Pigs are less known for their regenerative capabilities due to higher disturbance and grain inputs. However, when managed properly, pigs can be helpful at increasing plant diversity. Our pigs do a lot of work in areas that have become overgrown with shrubs, berries,
and bushes. They help thin the overgrowth to let sunlight reach the ground which enables the growth of grasses and herbaceous plants.
Since we have started letting our pigs act as a reset button in these previously undermanaged areas, we have noticed an increase in forage plants in areas that were previously unproductive or mono-cropped. Forages are good for the soil, the bugs, the birds, the rabbits, the squirrels, the deer, and any other creatures that frequent these habitats.

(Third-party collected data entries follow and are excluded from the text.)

lemma realize_configuration:
  assumes c: "is_assignment c" and mean: "below_mean w c" and convex: "convex_classes w c"
    and wN: "\<forall>i\<in>{1..I}. w i \<le> N i"
  obtains p a n where "ppd_feasible S I J N \<theta> p a n" "best_rev w c \<le> ppd_revenue I J \<theta> p a n"
    "\<forall>j\<in>{1..J}. cluster I J \<theta> p a n j = {} \<or> (\<exists>l m. cluster I J \<theta> p a n j = {l..m})"
proof -
  define l where "l d = Min (members w c d)" for d
  define r where "r d = Max (members w c d)" for d
  define U where "U = class_resource w c"
  \<comment> \<open>unserved groups inside the hull of a class are served completely\<close>
  define v where "v i = (if w i > 0 then w i else N i)" for i
  have hull: "members w c d \<subseteq> {l d..r d}" "l d \<in> members w c d" "1 \<le> l d" "l d \<le> r d" "r d \<le> I"
    if "d \<in> used w c" for d
    using members_hull[OF that] unfolding l_def r_def by simp_all
  have v_pos: "\<forall>i\<in>{l d..r d}. (real \<circ> v) i > 0" if "d \<in> used w c" for d
    using hull[OF that] N_pos unfolding v_def by auto
  have segment: "\<exists>m. m \<in> {l d..r d} \<and> mu w c * scale w c d \<le> prefix_price (real \<circ> v) (U d) (l d) m \<and>
      (\<forall>i\<in>{l d..m}. prefix_price (real \<circ> v) (U d) (l d) m \<le> \<theta> i)" if d: "d \<in> used w c" for d
  proof -
    have "\<forall>i\<in>members w c d. (real \<circ> v) i = real (w i)" unfolding v_def members_def by simp
    then obtain m0 where "m0 \<in> {l d..r d}" "mu w c * scale w c d \<le> prefix_price (real \<circ> v) (U d) (l d) m0"
      "\<And>i. i \<in> {l d..m0} \<Longrightarrow> prefix_price (real \<circ> v) (U d) (l d) m0 \<le> \<theta> i"
      unfolding l_def r_def U_def by (rule class_segment[OF mean d v_pos[OF d, unfolded l_def r_def]]) blast
    then show ?thesis by blast
  qed
  have "\<exists>m. \<forall>d\<in>used w c. m d \<in> {l d..r d} \<and>
      mu w c * scale w c d \<le> prefix_price (real \<circ> v) (U d) (l d) (m d) \<and>
      (\<forall>i\<in>{l d..m d}. prefix_price (real \<circ> v) (U d) (l d) (m d) \<le> \<theta> i)"
    using segment by (intro bchoice) blast
  then obtain m where m: "\<forall>d\<in>used w c. m d \<in> {l d..r d} \<and>
      mu w c * scale w c d \<le> prefix_price (real \<circ> v) (U d) (l d) (m d) \<and>
      (\<forall>i\<in>{l d..m d}. prefix_price (real \<circ> v) (U d) (l d) (m d) \<le> \<theta> i)"
    by blast
  define P where "P d = {l d..m d}" for d
  define q where "q d = prefix_price (real \<circ> v) (U d) (l d) (m d)" for d
  have P_hull: "P d \<subseteq> {l d..r d}" "P d \<subseteq> {1..I}" if "d \<in> used w c" for d
    using m hull[OF that] that unfolding P_def by auto
  have q_ge: "mu w c * scale w c d \<le> q d" if "d \<in> used w c" for d
    using m that unfolding q_def by blast
  have q_pos: "q d > 0" if d: "d \<in> used w c" for d
    using q_ge[OF d] mu_pos_if_used[OF d] scale_props(1)[OF d] mult_pos_pos[of "mu w c" "scale w c d"]
    by linarith
  have balance: "(\<Sum>i\<in>P d. real (v i) * (\<theta> i - q d)) = q d * U d"
      "(\<Sum>i\<in>P d. real (v i) * (\<theta> i / q d - 1)) = U d" if d: "d \<in> used w c" for d
  proof -
    have den: "U d + sum (real \<circ> v) (P d) > 0"
      using class_budget(1)[OF mean d] sum_nonneg[of "P d" "real \<circ> v"] unfolding U_def by simp
    moreover have "(\<Sum>i\<in>P d. (real \<circ> v) i * \<theta> i) > 0"
      using q_pos[OF d] den unfolding q_def prefix_price_def P_def by (simp add: zero_less_divide_iff)
    ultimately show "(\<Sum>i\<in>P d. real (v i) * (\<theta> i - q d)) = q d * U d"
      "(\<Sum>i\<in>P d. real (v i) * (\<theta> i / q d - 1)) = U d"
      using price_balance[of "U d" "real \<circ> v" "P d" \<theta>] unfolding q_def prefix_price_def P_def
      by simp_all
  qed
  have budget: "(\<Sum>d\<in>used w c. U d) \<le> S"
  proof (cases "used w c = {}")
    case False
    then obtain d where "d \<in> used w c" by blast
    then have mu: "mu w c > 0" by (rule mu_pos_if_used)
    have "(\<Sum>d\<in>used w c. U d) = (\<Sum>d=1..J. U d)"
      unfolding U_def by (intro sum_over_used[symmetric] class_resource_unused)
    also have "\<dots> = S" unfolding U_def by (rule sum_class_resource[OF c mu])
    finally show ?thesis by simp
  qed (simp add: S_pos less_imp_le)
  obtain p a n where sol: "ppd_feasible S I J N \<theta> p a n"
    "ppd_revenue I J \<theta> p a n = (\<Sum>d\<in>used w c. \<Sum>i\<in>P d. real (v i) * (\<theta> i - q d))"
    "\<And>j. j \<in> {1..J} \<Longrightarrow>
       cluster I J \<theta> p a n j = (if j \<in> used w c then {i \<in> P j. v i > 0 \<and> q j < \<theta> i} else {})"
  proof (rule solution_of_segments)
    show "used w c \<subseteq> {1..J}" unfolding used_def by auto
    show "P d \<inter> P e = {}" if "d \<in> used w c" "e \<in> used w c" "d \<noteq> e" for d e
    proof -
      have "{l d..r d} \<inter> {l e..r e} = {}"
        unfolding l_def r_def by (rule class_hulls_disjoint[OF convex that])
      then show ?thesis using P_hull(1)[OF that(1)] P_hull(1)[OF that(2)] by blast
    qed
    show "(\<Sum>d\<in>used w c. \<Sum>i\<in>P d. real (v i) * (\<theta> i / q d - 1)) \<le> S"
      using budget balance by simp
    show "q d \<le> \<theta> i" if "d \<in> used w c" "i \<in> P d" for d i
      using m that unfolding q_def P_def by blast
  qed (use P_hull q_pos wN in \<open>auto simp: v_def\<close>)
  have "best_rev w c = (\<Sum>d\<in>used w c. mu w c * scale w c d * U d)"
    unfolding U_def by (rule best_rev_eq_sum_used[OF c mean])
  also have "\<dots> \<le> (\<Sum>d\<in>used w c. q d * U d)"
  proof (rule sum_mono)
    fix d assume "d \<in> used w c"
    then show "mu w c * scale w c d * U d \<le> q d * U d"
      using q_ge class_budget(1)[OF mean] unfolding U_def by (simp add: mult_right_mono less_imp_le)
  qed
  also have "\<dots> = ppd_revenue I J \<theta> p a n" using sol(2) balance by simp
  finally have "best_rev w c \<le> ppd_revenue I J \<theta> p a n" .
  moreover have "cluster I J \<theta> p a n j = {} \<or> (\<exists>l m. cluster I J \<theta> p a n j = {l..m})"
    if j: "j \<in> {1..J}" for j
  proof (cases "j \<in> used w c")
    case True
    have "{i \<in> P j. v i > 0 \<and> q j < \<theta> i} = {i \<in> {l j..m j}. q j < \<theta> i}"
      using v_pos[OF True] P_hull[OF True] unfolding P_def by auto
    moreover have "1 \<le> l j" "m j \<le> I" using hull[OF True] m True by auto
    ultimately show ?thesis using sol(3)[OF j] True superlevel_interval by simp
  qed (use sol(3)[OF j] in simp)
  ultimately show thesis using that sol(1) by blast
qed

We farrow our own pigs on deep bedding and wean them at about 7 weeks old. We then move the pigs around with two strands of hot wire when they are young, and as they get bigger we can move them with a single strand making for quick and easy moves from paddock to paddock. We average about two weeks on two acres with a dozen growers who search out greens, berries, roots, grubs, worms, termites, beetles, grasshoppers and anything else foragers might come across in their “hakuna matata” kind of lifestyle.
After they leave a paddock, we give it plenty of time to rest and regrow before pigs return to that paddock again. Often times we give a minimum of 12 months between returns to give the land an entire season to regrow, reseed, and improve. Our weaner pigs, growers, sows, and boars are constantly on the move to fresh ground.
Keeping them on the move keeps them out of their own waste and healthy as can be with all the fresh food they are able to find. We do not use drugs or any kind of chemicals (with any of our animals). Every so often we add food grade diatomaceous earth to their grain and Shaklee’s organic basic H to their water to minimize any potential parasite load in their gut. We bring them an organic grain ration and they live the dream up until one bad minute. Harvest time is never fun but we do it as quickly and painlessly as possible.
We sell our hogs by the half or whole, with the typical half weighing 200-240 pounds. We charge a price by the pound hanging weight plus you pay the butcher for their services. A typical carcass cutting will yield 75% of the hanging weight, so a 120 pound half hog will get you about 90 pounds of pork in the freezer. You get jowls, shoulder roasts, boston butt (or steaks + country style ribs), picnic roasts (or picnic hams), hocks, chops, spare ribs, bacon, loin chops (or roasts), hams, and ground pork (or flavored sausage). The frequenting of fresh ground coupled with feeding only organic grains yields us the healthiest, cleanest, most nutrient-dense, and most delicious pork in the universe.